__WHAT YOU ARE ASKED TO DO__. All of the data below is to be returned unaltered.

- - - - -

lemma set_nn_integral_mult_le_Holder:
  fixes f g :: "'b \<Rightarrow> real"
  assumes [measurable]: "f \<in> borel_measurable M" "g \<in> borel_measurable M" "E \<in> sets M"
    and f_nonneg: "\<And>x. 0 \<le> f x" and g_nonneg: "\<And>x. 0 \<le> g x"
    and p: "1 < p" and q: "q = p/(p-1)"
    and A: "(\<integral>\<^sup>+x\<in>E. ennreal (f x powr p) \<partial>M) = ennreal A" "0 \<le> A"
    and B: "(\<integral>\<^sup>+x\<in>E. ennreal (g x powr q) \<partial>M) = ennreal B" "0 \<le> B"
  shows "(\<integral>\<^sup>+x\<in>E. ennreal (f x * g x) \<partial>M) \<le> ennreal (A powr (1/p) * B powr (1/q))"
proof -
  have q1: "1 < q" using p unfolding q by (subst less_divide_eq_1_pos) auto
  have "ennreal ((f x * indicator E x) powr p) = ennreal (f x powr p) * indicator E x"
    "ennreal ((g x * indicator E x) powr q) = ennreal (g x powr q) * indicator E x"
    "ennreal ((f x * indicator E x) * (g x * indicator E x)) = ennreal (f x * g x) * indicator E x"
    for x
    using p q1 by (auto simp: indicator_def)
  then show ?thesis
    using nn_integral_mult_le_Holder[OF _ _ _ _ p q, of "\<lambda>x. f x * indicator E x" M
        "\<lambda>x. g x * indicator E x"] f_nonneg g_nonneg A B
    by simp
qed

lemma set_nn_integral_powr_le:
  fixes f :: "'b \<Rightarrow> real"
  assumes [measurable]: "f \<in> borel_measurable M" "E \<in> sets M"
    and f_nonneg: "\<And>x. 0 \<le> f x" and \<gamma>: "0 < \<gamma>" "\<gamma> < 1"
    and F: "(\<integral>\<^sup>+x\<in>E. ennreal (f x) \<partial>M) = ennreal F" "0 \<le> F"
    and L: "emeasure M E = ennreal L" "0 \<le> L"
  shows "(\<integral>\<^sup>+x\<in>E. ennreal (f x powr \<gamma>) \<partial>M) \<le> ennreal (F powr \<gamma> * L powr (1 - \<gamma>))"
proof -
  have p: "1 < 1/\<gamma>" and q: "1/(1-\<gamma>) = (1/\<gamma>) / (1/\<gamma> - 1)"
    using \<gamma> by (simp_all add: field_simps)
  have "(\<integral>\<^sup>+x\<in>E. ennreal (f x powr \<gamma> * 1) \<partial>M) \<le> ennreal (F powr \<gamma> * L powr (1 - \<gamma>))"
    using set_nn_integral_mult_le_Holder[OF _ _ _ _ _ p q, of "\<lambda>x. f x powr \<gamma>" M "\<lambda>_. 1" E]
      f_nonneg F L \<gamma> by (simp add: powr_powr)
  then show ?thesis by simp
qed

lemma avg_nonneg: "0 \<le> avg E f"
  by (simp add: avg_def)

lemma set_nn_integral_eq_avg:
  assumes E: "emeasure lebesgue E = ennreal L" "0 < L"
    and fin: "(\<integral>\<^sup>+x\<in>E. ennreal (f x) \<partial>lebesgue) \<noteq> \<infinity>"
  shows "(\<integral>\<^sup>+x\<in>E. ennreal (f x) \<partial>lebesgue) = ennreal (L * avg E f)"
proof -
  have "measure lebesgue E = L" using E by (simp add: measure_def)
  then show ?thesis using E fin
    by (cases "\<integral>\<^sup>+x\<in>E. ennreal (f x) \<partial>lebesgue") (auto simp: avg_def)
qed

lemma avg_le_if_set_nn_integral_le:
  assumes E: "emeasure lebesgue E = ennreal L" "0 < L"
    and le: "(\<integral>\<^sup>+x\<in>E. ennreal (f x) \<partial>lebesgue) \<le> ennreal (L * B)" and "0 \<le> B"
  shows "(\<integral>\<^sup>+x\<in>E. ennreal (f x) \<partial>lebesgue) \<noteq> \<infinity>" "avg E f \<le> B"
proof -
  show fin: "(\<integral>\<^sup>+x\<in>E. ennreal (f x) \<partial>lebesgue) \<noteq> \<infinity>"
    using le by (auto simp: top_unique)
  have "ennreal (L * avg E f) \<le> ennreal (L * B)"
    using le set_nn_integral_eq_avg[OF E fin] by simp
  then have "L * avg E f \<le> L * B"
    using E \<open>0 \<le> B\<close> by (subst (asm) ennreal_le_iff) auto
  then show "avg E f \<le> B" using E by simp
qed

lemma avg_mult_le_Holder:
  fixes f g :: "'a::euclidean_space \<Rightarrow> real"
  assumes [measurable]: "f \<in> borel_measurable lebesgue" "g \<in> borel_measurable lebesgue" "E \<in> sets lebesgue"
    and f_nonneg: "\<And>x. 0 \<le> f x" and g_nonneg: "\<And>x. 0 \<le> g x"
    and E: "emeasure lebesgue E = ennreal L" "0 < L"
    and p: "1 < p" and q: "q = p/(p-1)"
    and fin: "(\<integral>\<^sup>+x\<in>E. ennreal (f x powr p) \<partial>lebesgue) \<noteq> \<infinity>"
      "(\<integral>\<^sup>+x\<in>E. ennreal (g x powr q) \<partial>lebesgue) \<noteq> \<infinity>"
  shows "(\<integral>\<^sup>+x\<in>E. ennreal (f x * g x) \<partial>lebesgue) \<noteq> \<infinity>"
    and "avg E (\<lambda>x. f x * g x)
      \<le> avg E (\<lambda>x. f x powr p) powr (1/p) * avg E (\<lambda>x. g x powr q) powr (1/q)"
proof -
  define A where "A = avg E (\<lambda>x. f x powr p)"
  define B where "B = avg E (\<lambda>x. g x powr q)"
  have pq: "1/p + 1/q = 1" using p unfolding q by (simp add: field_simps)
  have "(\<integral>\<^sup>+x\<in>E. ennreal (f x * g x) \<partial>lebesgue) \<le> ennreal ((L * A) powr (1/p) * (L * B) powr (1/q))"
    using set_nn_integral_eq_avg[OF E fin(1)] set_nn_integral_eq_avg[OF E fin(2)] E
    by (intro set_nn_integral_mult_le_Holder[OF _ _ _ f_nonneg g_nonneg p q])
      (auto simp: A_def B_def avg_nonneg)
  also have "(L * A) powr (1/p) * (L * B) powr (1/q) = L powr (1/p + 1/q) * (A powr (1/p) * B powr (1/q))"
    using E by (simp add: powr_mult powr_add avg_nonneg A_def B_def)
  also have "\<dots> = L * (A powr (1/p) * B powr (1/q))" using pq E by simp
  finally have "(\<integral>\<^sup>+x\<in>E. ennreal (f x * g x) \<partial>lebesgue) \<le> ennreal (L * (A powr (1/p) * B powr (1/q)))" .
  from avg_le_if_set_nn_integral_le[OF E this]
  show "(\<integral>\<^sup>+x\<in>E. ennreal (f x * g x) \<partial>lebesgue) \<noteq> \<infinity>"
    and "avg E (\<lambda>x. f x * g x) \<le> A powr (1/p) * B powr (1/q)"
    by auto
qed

- - - - -

__WRITTEN SOLUTION__.
lemma set_nn_integral_mult_le_Holder:
  fixes f g :: "'b \<Rightarrow> real"
  assumes [measurable]: "f \<in> borel_measurable M" "g \<in> borel_measurable M" "E \<in> sets M"
    and f_nonneg: "\<And>x. 0 \<le> f x" and g_nonneg: "\<And>x. 0 \<le> g x"
    and p: "1 < p" and q: "q = p/(p-1)"
    and A: "(\<integral>\<^sup>+x\<in>E. ennreal (f x powr p) \<partial>M) = ennreal A" "0 \<le> A"
    and B: "(\<integral>\<^sup>+x\<in>E. ennreal (g x powr q) \<partial>M) = ennreal B" "0 \<le> B"
  shows "(\<integral>\<^sup>+x\<in>E. ennreal (f x * g x) \<partial>M) \<le> ennreal (A powr (1/p) * B powr (1/q))"
proof -
  have q1: "1 < q" using p unfolding q by (subst less_divide_eq_1_pos) auto
  have "ennreal ((f x * indicator E x) powr p) = ennreal (f x powr p) * indicator E x"
    "ennreal ((g x * indicator E x) powr q) = ennreal (g x powr q) * indicator E x"
    "ennreal ((f x * indicator E x) * (g x * indicator E x)) = ennreal (f x * g x) * indicator E x"
    for x
    using p q1 by (auto simp: indicator_def)
  then show ?thesis
    using nn_integral_mult_le_Holder[OF _ _ _ _ p q, of "\<lambda>x. f x * indicator E x" M
        "\<lambda>x. g x * indicator E x"] f_nonneg g_nonneg A B
    by simp
qed

lemma set_nn_integral_powr_le:
  fixes f :: "'b \<Rightarrow> real"
  assumes [measurable]: "f \<in> borel_measurable M" "E \<in> sets M"
    and f_nonneg: "\<And>x. 0 \<le> f x" and \<gamma>: "0 < \<gamma>" "\<gamma> < 1"
    and F: "(\<integral>\<^sup>+x\<in>E. ennreal (f x) \<partial>M) = ennreal F" "0 \<le> F"
    and L: "emeasure M E = ennreal L" "0 \<le> L"
  shows "(\<integral>\<^sup>+x\<in>E. ennreal (f x powr \<gamma>) \<partial>M) \<le> ennreal (F powr \<gamma> * L powr (1 - \<gamma>))"
proof -
  have p: "1 < 1/\<gamma>" and q: "1/(1-\<gamma>) = (1/\<gamma>) / (1/\<gamma> - 1)"
    using \<gamma> by (simp_all add: field_simps)
  have "(\<integral>\<^sup>+x\<in>E. ennreal (f x powr \<gamma> * 1) \<partial>M) \<le> ennreal (F powr \<gamma> * L powr (1 - \<gamma>))"
    using set_nn_integral_mult_le_Holder[OF _ _ _ _ _ p q, of "\<lambda>x. f x powr \<gamma>" M "\<lambda>_. 1" E]
      f_nonneg F L \<gamma> by (simp add: powr_powr)
  then show ?thesis by simp
qed

lemma avg_nonneg: "0 \<le> avg E f"
  by (simp add: avg_def)

lemma set_nn_integral_eq_avg:
  assumes E: "emeasure lebesgue E = ennreal L" "0 < L"
    and fin: "(\<integral>\<^sup>+x\<in>E. ennreal (f x) \<partial>lebesgue) \<noteq> \<infinity>"
  shows "(\<integral>\<^sup>+x\<in>E. ennreal (f x) \<partial>lebesgue) = ennreal (L * avg E f)"
proof -
  have "measure lebesgue E = L" using E by (simp add: measure_def)
  then show ?thesis using E fin
    by (cases "\<integral>\<^sup>+x\<in>E. ennreal (f x) \<partial>lebesgue") (auto simp: avg_def)
qed

lemma avg_le_if_set_nn_integral_le:
  assumes E: "emeasure lebesgue E = ennreal L" "0 < L"
    and le: "(\<integral>\<^sup>+x\<in>E. ennreal (f x) \<partial>lebesgue) \<le> ennreal (L * B)" and "0 \<le> B"
  shows "(\<integral>\<^sup>+x\<in>E. ennreal (f x) \<partial>lebesgue) \<noteq> \<infinity>" "avg E f \<le> B"
proof -
  show fin: "(\<integral>\<^sup>+x\<in>E. ennreal (f x) \<partial>lebesgue) \<noteq> \<infinity>"
    using le by (auto simp: top_unique)
  have "ennreal (L * avg E f) \<le> ennreal (L * B)"
    using le set_nn_integral_eq_avg[OF E fin] by simp
  then have "L * avg E f \<le> L * B"
    using E \<open>0 \<le> B\<close> by (subst (asm) ennreal_le_iff) auto
  then show "avg E f \<le> B" using E by simp
qed

lemma avg_mult_le_Holder:
  fixes f g :: "'a::euclidean_space \<Rightarrow> real"
  assumes [measurable]: "f \<in> borel_measurable lebesgue" "g \<in> borel_measurable lebesgue" "E \<in> sets lebesgue"
    and f_nonneg: "\<And>x. 0 \<le> f x" and g_nonneg: "\<And>x. 0 \<le> g x"
    and E: "emeasure lebesgue E = ennreal L" "0 < L"
    and p: "1 < p" and q: "q = p/(p-1)"
    and fin: "(\<integral>\<^sup>+x\<in>E. ennreal (f x powr p) \<partial>lebesgue) \<noteq> \<infinity>"
      "(\<integral>\<^sup>+x\<in>E. ennreal (g x powr q) \<partial>lebesgue) \<noteq> \<infinity>"
  shows "(\<integral>\<^sup>+x\<in>E. ennreal (f x * g x) \<partial>lebesgue) \<noteq> \<infinity>"
    and "avg E (\<lambda>x. f x * g x)
      \<le> avg E (\<lambda>x. f x powr p) powr (1/p) * avg E (\<lambda>x. g x powr q) powr (1/q)"
proof -
  define A where "A = avg E (\<lambda>x. f x powr p)"
  define B where "B = avg E (\<lambda>x. g x powr q)"
  have pq: "1/p + 1/q = 1" using p unfolding q by (simp add: field_simps)
  have "(\<integral>\<^sup>+x\<in>E. ennreal (f x * g x) \<partial>lebesgue) \<le> ennreal ((L * A) powr (1/p) * (L * B) powr (1/q))"
    using set_nn_integral_eq_avg[OF E fin(1)] set_nn_integral_eq_avg[OF E fin(2)] E
    by (intro set_nn_integral_mult_le_Holder[OF _ _ _ f_nonneg g_nonneg p q])
      (auto simp: A_def B_def avg_nonneg)
  also have "(L * A) powr (1/p) * (L * B) powr (1/q) = L powr (1/p + 1/q) * (A powr (1/p) * B powr (1/q))"
    using E by (simp add: powr_mult powr_add avg_nonneg A_def B_def)
  also have "\<dots> = L * (A powr (1/p) * B powr (1/q))" using pq E by simp
  finally have "(\<integral>\<^sup>+x\<in>E. ennreal (f x * g x) \<partial>lebesgue) \<le> ennreal (L * (A powr (1/p) * B powr (1/q)))" .
  from avg_le_if_set_nn_integral_le[OF E this]
  show "(\<integral>\<^sup>+x\<in>E. ennreal (f x * g x) \<partial>lebesgue) \<noteq> \<infinity>"
    and "avg E (\<lambda>x. f x * g x) \<le> A powr (1/p) * B powr (1/q)"
    by auto
qed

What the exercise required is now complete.